FATORES PREDISPONENTES 
A DG é poligênica e multifatorial; se desenvolve como 
resultado de uma interação complexa entre a 
suscetibilidade genética e fatores ambientais ou 
endógenos, que conduz à perda da tolerância 
imunológica a antígenos da tireoide e, em particular, ao 
receptor do TSH. 
FATORES GENÉTICOS – Na DG, há uma nítida 
predisposição familiar, especialmente materna; 15% dos 
pacientes têm um parente próximo com DG, e 50% dos 
parentes de pacientes com a doença apresentam 
anticorpos antitireoidianos. A propensão para o 
desenvolvimento de autoanticorpos da tireoide parece 
ser uma característica autossômica dominante ligada 
ao gene do antígeno do linfócito T citotóxico 4 (CTLA 4) 
que codifica para um modulador do segundo sinal para 
as células T. Existe também uma associação de alelos 
HLA (cromossomo 6), variável de acordo com a etnia 
dos pacientes; por exemplo, caucasianos, o HLA-DR3 e 
o HLA-DQA1*0501 estão positivamente associados à 
DG, enquanto o HLA-DRB1*0701 tem efeito protetor. 

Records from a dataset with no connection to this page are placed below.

context
  fixes q m :: nat
  assumes q_eq: "q = 2 ^ m" and card_field: "card (UNIV :: 'a::{finite,field} set) = q ^ 2"
begin

lemma q_ge_2: "2 \<le> q"
proof -
  have "card {0::'a, 1} \<le> card (UNIV :: 'a set)"
    by (rule card_mono) auto
  then have "2 \<le> q ^ 2"
    using card_field by simp
  then show ?thesis
    by (cases "q \<le> 1") (auto simp: le_Suc_eq)
qed

lemma char_two: "(2::'a) = 0"
proof (rule finite_field_even_card_two_eq_zero)
  show "even (card (UNIV :: 'a set))"
    using card_field q_eq q_ge_2 by (cases m) auto
qed

lemma add_self [simp]: "(c::'a) + c = 0"
  using char_two by (metis mult_2 mult_zero_left)

lemma add_add_self [simp]: "(c::'a) + (c + d) = d"
  by (simp flip: add.assoc)

lemma add_eq_0_iff_eq: "(a::'a) + b = 0 \<longleftrightarrow> a = b"
  by (metis add_add_self add_0_right add_self)

lemma frobenius_add [simp]: "((a::'a) + b) ^ q = a ^ q + b ^ q"
  using add_power_two_power[OF char_two] q_eq by simp

lemma frobenius_frobenius [simp]: "((a::'a) ^ q) ^ q = a"
  using finite_field_power_card[of a] card_field by (simp flip: power_mult add: power2_eq_square)

lemma trace_fiber: "{x::'a. x ^ q + x = c ^ q + c} = (\<lambda>z. c + z) ` {a. a ^ q = a}"
proof (intro set_eqI iffI)
  fix x :: 'a
  assume "x \<in> {x. x ^ q + x = c ^ q + c}"
  then have "x ^ q + x = c ^ q + c"
    by simp
  then have "(c + x) ^ q = c + x"
    by (metis add.commute add.left_commute add_add_self frobenius_add)
  then show "x \<in> (\<lambda>z. c + z) ` {a. a ^ q = a}"
    by (intro image_eqI[of _ _ "c + x"]) simp_all
next
  fix x :: 'a
  assume "x \<in> (\<lambda>z. c + z) ` {a. a ^ q = a}"
  then obtain z where "z ^ q = z" and "x = c + z"
    by blast
  then show "x \<in> {x. x ^ q + x = c ^ q + c}"
    by (simp add: add.assoc add.commute)
qed

lemma card_subfield: "card {a::'a. a ^ q = a} = q"
proof -
  let ?F = "{a::'a. a ^ q = a}" and ?T = "\<lambda>c::'a. c ^ q + c"
  have fiber: "card {x. ?T x = ?T c} = card ?F" for c
    by (simp add: trace_fiber card_image)
  have "q ^ 2 = card (UNIV :: 'a set)"
    using card_field by simp
  also have "\<dots> \<le> card ?F * card (range ?T)"
    by (rule card_le_mult_card_image) (simp_all add: fiber)
  also have "\<dots> \<le> card ?F * card ?F"
    by (intro mult_le_mono2 card_mono) (auto simp: add.commute)
  also have "\<dots> = card ?F ^ 2"
    by (rule power2_eq_square[symmetric])
  finally have "q \<le> card ?F"
    by (rule power2_le_imp_le) simp
  then show ?thesis
    using card_power_fixed_points_le[OF q_ge_2, where 'a = 'a] by simp
qed

lemma card_trace_fiber: "card {x::'a. x ^ q + x = c ^ q + c} = q"
  by (simp add: trace_fiber card_image card_subfield)

lemma trace_surj: "range (\<lambda>c::'a. c ^ q + c) = {a. a ^ q = a}"
proof (rule card_subset_eq)
  show "range (\<lambda>c::'a. c ^ q + c) \<subseteq> {a. a ^ q = a}"
    by (auto simp: add.commute)
  have "q * q \<le> q * card (range (\<lambda>c::'a. c ^ q + c))"
    using card_le_mult_card_image[of UNIV "\<lambda>c::'a. c ^ q + c" q]
    by (simp add: card_trace_fiber card_field power2_eq_square)
  then show "card (range (\<lambda>c::'a. c ^ q + c)) = card {a::'a. a ^ q = a}"
    using card_subfield card_mono[OF _ \<open>range _ \<subseteq> _\<close>] q_ge_2 by (simp add: le_antisym)
qed simp

lemma card_norm_one_ge: "q + 1 \<le> card {z::'a. z ^ (q + 1) = 1}"
proof -
  let ?U = "{z::'a. z ^ (q + 1) = 1}" and ?N = "\<lambda>y::'a. y ^ (q + 1)"
  have fiber: "card {x \<in> UNIV - {0}. ?N x = ?N y} \<le> card ?U" if "y \<in> UNIV - {0}" for y
  proof -
    have "{x \<in> UNIV - {0}. ?N x = ?N y} \<subseteq> (\<lambda>z. y * z) ` ?U"
    proof
      fix x
      assume "x \<in> {x \<in> UNIV - {0}. ?N x = ?N y}"
      then have "(x / y) ^ (q + 1) = 1" and "x = y * (x / y)"
        using that by (simp_all add: power_divide)
      then show "x \<in> (\<lambda>z. y * z) ` ?U"
        by blast
    qed
    then show ?thesis
      by (meson card_image_le card_mono finite dual_order.trans)
  qed
  have "card (?N ` (UNIV - {0})) \<le> card ({a::'a. a ^ q = a} - {0})"
    by (rule card_mono) (auto simp: power_mult_distrib mult.commute)
  also have "\<dots> = q - 1"
    using card_subfield q_ge_2 by (simp add: card_Diff_singleton power_0_left)
  finally have image: "card (?N ` (UNIV - {0})) \<le> q - 1" .
  have "(q + 1) * (q - 1) = card (UNIV - {0::'a})"
    using card_field by (simp add: card_Diff_singleton power2_eq_square algebra_simps)
  also have "\<dots> \<le> card ?U * card (?N ` (UNIV - {0}))"
    by (rule card_le_mult_card_image) (simp, rule fiber)
  also have "\<dots> \<le> card ?U * (q - 1)"
    using image by simp
  finally show ?thesis
    by (rule mult_right_le_imp_le) (use q_ge_2 in simp)
qed

lemma card_herm_pts_le: "card (herm_pts q :: ('a \<times> 'a) set) \<le> q ^ 3"
proof -
  have fiber: "card {Q \<in> herm_pts q. snd Q = snd P} \<le> q" if "P \<in> (herm_pts q :: ('a \<times> 'a) set)" for P
  proof -
    obtain x\<^sub>0 y\<^sub>0 where P: "P = (x\<^sub>0, y\<^sub>0)"
      by (cases P)
    have "{Q \<in> herm_pts q. snd Q = snd P} \<subseteq> (\<lambda>x. (x, y\<^sub>0)) ` {x. x ^ q + x = x\<^sub>0 ^ q + x\<^sub>0}"
      using that unfolding P herm_pts_def by auto
    then have "card {Q \<in> herm_pts q. snd Q = snd P} \<le> card {x. x ^ q + x = x\<^sub>0 ^ q + x\<^sub>0}"
      by (meson card_image_le card_mono finite dual_order.trans)
    then show ?thesis
      by (simp add: card_trace_fiber)
  qed
  have "card (herm_pts q :: ('a \<times> 'a) set) \<le> q * card (snd ` (herm_pts q :: ('a \<times> 'a) set))"
    by (rule card_le_mult_card_image) (simp, rule fiber)
  also have "\<dots> \<le> q * card (UNIV :: 'a set)"
    by (intro mult_le_mono2 card_mono) auto
  finally show ?thesis
    using card_field by (simp add: power2_eq_square power3_eq_cube)
qed

text \<open>In characteristic 2 the line \<open>x = \<alpha> t + (x\<^sub>0 + \<alpha> y\<^sub>0)\<close> passes through \<open>(x\<^sub>0, y\<^sub>0)\<close>. In the
  coordinate \<open>s = t - y\<^sub>0\<close> it meets the curve where \<open>s\<^sup>q\<^sup>+\<^sup>1 = g\<^sup>q s\<^sup>q + g s\<close> with \<open>g = y\<^sub>0\<^sup>q + \<alpha>\<close>,
  and \<open>s = g z + g\<^sup>q\<close> solves this for every \<open>z\<close> with \<open>z\<^sup>q\<^sup>+\<^sup>1 = 1\<close>.\<close>

lemma norm_one_parametrization:
  fixes g z :: 'a
  assumes "z ^ (q + 1) = 1"
  shows "(g * z + g ^ q) ^ q * (g * z + g ^ q) = g ^ q * (g * z + g ^ q) ^ q + g * (g * z + g ^ q)"
proof -
  have zz: "z ^ q * z = 1"
    using assms by (metis Suc_eq_plus1 power_Suc2)
  have "(g * z + g ^ q) ^ q = g ^ q * z ^ q + g"
    by (simp add: power_mult_distrib)
  moreover have "(g ^ q * z ^ q + g) * (g * z + g ^ q) = g ^ q * (g ^ q * z ^ q + g) + g * (g * z + g ^ q)"
  proof -
    have "(g ^ q * z ^ q + g) * (g * z + g ^ q) = g ^ q * g * (z ^ q * z) + g ^ q * g ^ q * z ^ q + g * g * z + g * g ^ q"
      by (simp add: algebra_simps)
    also have "\<dots> = g ^ q * (g ^ q * z ^ q + g) + g * (g * z + g ^ q)"
      unfolding zz by (simp add: algebra_simps)
    finally show ?thesis .
  qed
  ultimately show ?thesis
    by simp
qed

lemma herm_pts_line_shift:
  fixes x\<^sub>0 y\<^sub>0 :: 'a
  assumes P: "(x\<^sub>0, y\<^sub>0) \<in> herm_pts q"
    and s: "s ^ q * s = (y\<^sub>0 ^ q + \<alpha>) ^ q * s ^ q + (y\<^sub>0 ^ q + \<alpha>) * s"
  shows "(\<alpha> * (y\<^sub>0 + s) + (x\<^sub>0 + \<alpha> * y\<^sub>0), y\<^sub>0 + s) \<in> herm_pts q"
proof -
  have curve: "x\<^sub>0 ^ q + x\<^sub>0 = y\<^sub>0 ^ q * y\<^sub>0"
    using P by (simp add: herm_pts_def mult.commute)
  have x_eq: "\<alpha> * (y\<^sub>0 + s) + (x\<^sub>0 + \<alpha> * y\<^sub>0) = \<alpha> * s + x\<^sub>0"
    by (simp add: algebra_simps)
  have "(\<alpha> * s + x\<^sub>0) ^ q + (\<alpha> * s + x\<^sub>0) = (y\<^sub>0 + s) ^ (q + 1)"
  proof -
    have "(\<alpha> * s + x\<^sub>0) ^ q + (\<alpha> * s + x\<^sub>0) = \<alpha> ^ q * s ^ q + \<alpha> * s + y\<^sub>0 ^ q * y\<^sub>0"
      using curve by (simp add: power_mult_distrib algebra_simps)
    also have "\<dots> = y\<^sub>0 ^ q * y\<^sub>0 + y\<^sub>0 ^ q * s + s ^ q * y\<^sub>0 + s ^ q * s"
      unfolding s by (simp add: algebra_simps)
    also have "\<dots> = (y\<^sub>0 + s) ^ (q + 1)"
      by (simp add: algebra_simps power_Suc2)
    finally show ?thesis .
  qed
  then show ?thesis
    unfolding herm_pts_def mem_Collect_eq case_prod_conv x_eq .
qed

lemma card_herm_line_ge:
  fixes x\<^sub>0 y\<^sub>0 :: 'a
  assumes P: "(x\<^sub>0, y\<^sub>0) \<in> herm_pts q" and \<alpha>: "\<alpha> \<noteq> y\<^sub>0 ^ q"
  shows "q + 1 \<le> card {t. (\<alpha> * t + (x\<^sub>0 + \<alpha> * y\<^sub>0), t) \<in> herm_pts q}"
proof -
  let ?U = "{z::'a. z ^ (q + 1) = 1}"
  define g where "g = y\<^sub>0 ^ q + \<alpha>"
  define \<tau> where "\<tau> z = y\<^sub>0 + (g * z + g ^ q)" for z
  have "g \<noteq> 0"
    using \<alpha> unfolding g_def by (simp add: add_eq_0_iff_eq)
  then have "inj_on \<tau> ?U"
    by (auto simp: inj_on_def \<tau>_def)
  then have "card ?U = card (\<tau> ` ?U)"
    by (simp add: card_image)
  also have "\<dots> \<le> card {t. (\<alpha> * t + (x\<^sub>0 + \<alpha> * y\<^sub>0), t) \<in> herm_pts q}"
    using herm_pts_line_shift[OF P norm_one_parametrization]
    by (intro card_mono) (auto simp: \<tau>_def g_def)
  finally show ?thesis
    using card_norm_one_ge by linarith
qed

lemma herm_lifted_code_diff_on_line:
  fixes x\<^sub>0 y\<^sub>0 :: 'a
  assumes u: "u \<in> herm_lifted_code q" and v: "v \<in> herm_lifted_code q"
    and P: "(x\<^sub>0, y\<^sub>0) \<in> herm_pts q" and uv: "u (x\<^sub>0, y\<^sub>0) \<noteq> v (x\<^sub>0, y\<^sub>0)"
    and \<alpha>: "\<alpha> \<noteq> y\<^sub>0 ^ q"
  obtains t where "t \<noteq> y\<^sub>0" and "(\<alpha> * t + (x\<^sub>0 + \<alpha> * y\<^sub>0), t) \<in> herm_pts q"
    and "u (\<alpha> * t + (x\<^sub>0 + \<alpha> * y\<^sub>0), t) \<noteq> v (\<alpha> * t + (x\<^sub>0 + \<alpha> * y\<^sub>0), t)"
proof -
  let ?\<beta> = "x\<^sub>0 + \<alpha> * y\<^sub>0"
  let ?L = "{t. (\<alpha> * t + ?\<beta>, t) \<in> herm_pts q}"
  obtain g\<^sub>u :: "'a poly" where deg_u: "degree g\<^sub>u \<le> q - 1"
    and on_line_u: "\<And>t. (\<alpha> * t + ?\<beta>, t) \<in> herm_pts q \<Longrightarrow> u (\<alpha> * t + ?\<beta>, t) = poly g\<^sub>u t"
    by (rule herm_lifted_code_on_line[OF u]) blast
  obtain g\<^sub>v :: "'a poly" where deg_v: "degree g\<^sub>v \<le> q - 1"
    and on_line_v: "\<And>t. (\<alpha> * t + ?\<beta>, t) \<in> herm_pts q \<Longrightarrow> v (\<alpha> * t + ?\<beta>, t) = poly g\<^sub>v t"
    by (rule herm_lifted_code_on_line[OF v]) blast
  note on_line = on_line_u on_line_v
  let ?R = "{t. poly (g\<^sub>u - g\<^sub>v) t = 0}"
  have "\<alpha> * y\<^sub>0 + ?\<beta> = x\<^sub>0"
    by (simp add: add.left_commute)
  then have "y\<^sub>0 \<in> ?L" and "y\<^sub>0 \<notin> ?R"
    using P uv on_line[of y\<^sub>0] by auto
  then have "g\<^sub>u - g\<^sub>v \<noteq> 0"
    by auto
  then have "card ?R \<le> q - 1"
    using card_poly_roots_bound[of "g\<^sub>u - g\<^sub>v"] degree_diff_le[OF deg_u deg_v] by linarith
  then have "card (insert y\<^sub>0 ?R) \<le> q"
    using q_ge_2 by (intro card_insert_le_m1) simp_all
  then have "card (insert y\<^sub>0 ?R) < card ?L"
    using card_herm_line_ge[OF P \<alpha>] by linarith
  then have "\<not> ?L \<subseteq> insert y\<^sub>0 ?R"
    using card_mono[OF finite, of ?L "insert y\<^sub>0 ?R"] by linarith
  then obtain t where "t \<in> ?L" and "t \<notin> insert y\<^sub>0 ?R"
    by blast
  then show thesis
    using that on_line[of t] by auto
qed

lemma slope_eq_of_common_point:
  fixes x\<^sub>0 y\<^sub>0 t :: 'a
  assumes "\<alpha>\<^sub>1 * t + (x\<^sub>0 + \<alpha>\<^sub>1 * y\<^sub>0) = \<alpha>\<^sub>2 * t + (x\<^sub>0 + \<alpha>\<^sub>2 * y\<^sub>0)" and "t \<noteq> y\<^sub>0"
  shows "\<alpha>\<^sub>1 = \<alpha>\<^sub>2"
proof -
  have "\<alpha>\<^sub>1 * (t + y\<^sub>0) = \<alpha>\<^sub>2 * (t + y\<^sub>0)"
    using assms(1) by (simp add: distrib_left add.left_commute)
  moreover have "t + y\<^sub>0 \<noteq> 0"
    using assms(2) by (simp add: add_eq_0_iff_eq)
  ultimately show ?thesis
    by simp
qed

Contudo, os haplótipos HLA conferem < 5% da 
suscetibilidade genética à DG e propiciam taxa de risco 
de apenas 2-4x. Uma contribuição adicional tem sido 
atribuída aos genes da tirosina fosfatase linfoide 
(PTPN22), da molécula de sinalização CD40, do receptor 
α da IL-2, da tireoglobulina, do receptor do TSH e do 
receptor Fc L3. 
FATORES AMBIENTAIS E ENDÓGENOS – Entre os fatores 
ambientais, se incluem danos à tireoide, por radiação 
ou por injeção de etanol, com a liberação de antígenos 
tireoidianos na circulação. Aumento da ocorrência de 
DG foi relatado em pacientes com linfoma submetidos 
à radioterapia cervical, bem como em crianças e 
adolescentes vitimados pela explosão de Chernobyl. 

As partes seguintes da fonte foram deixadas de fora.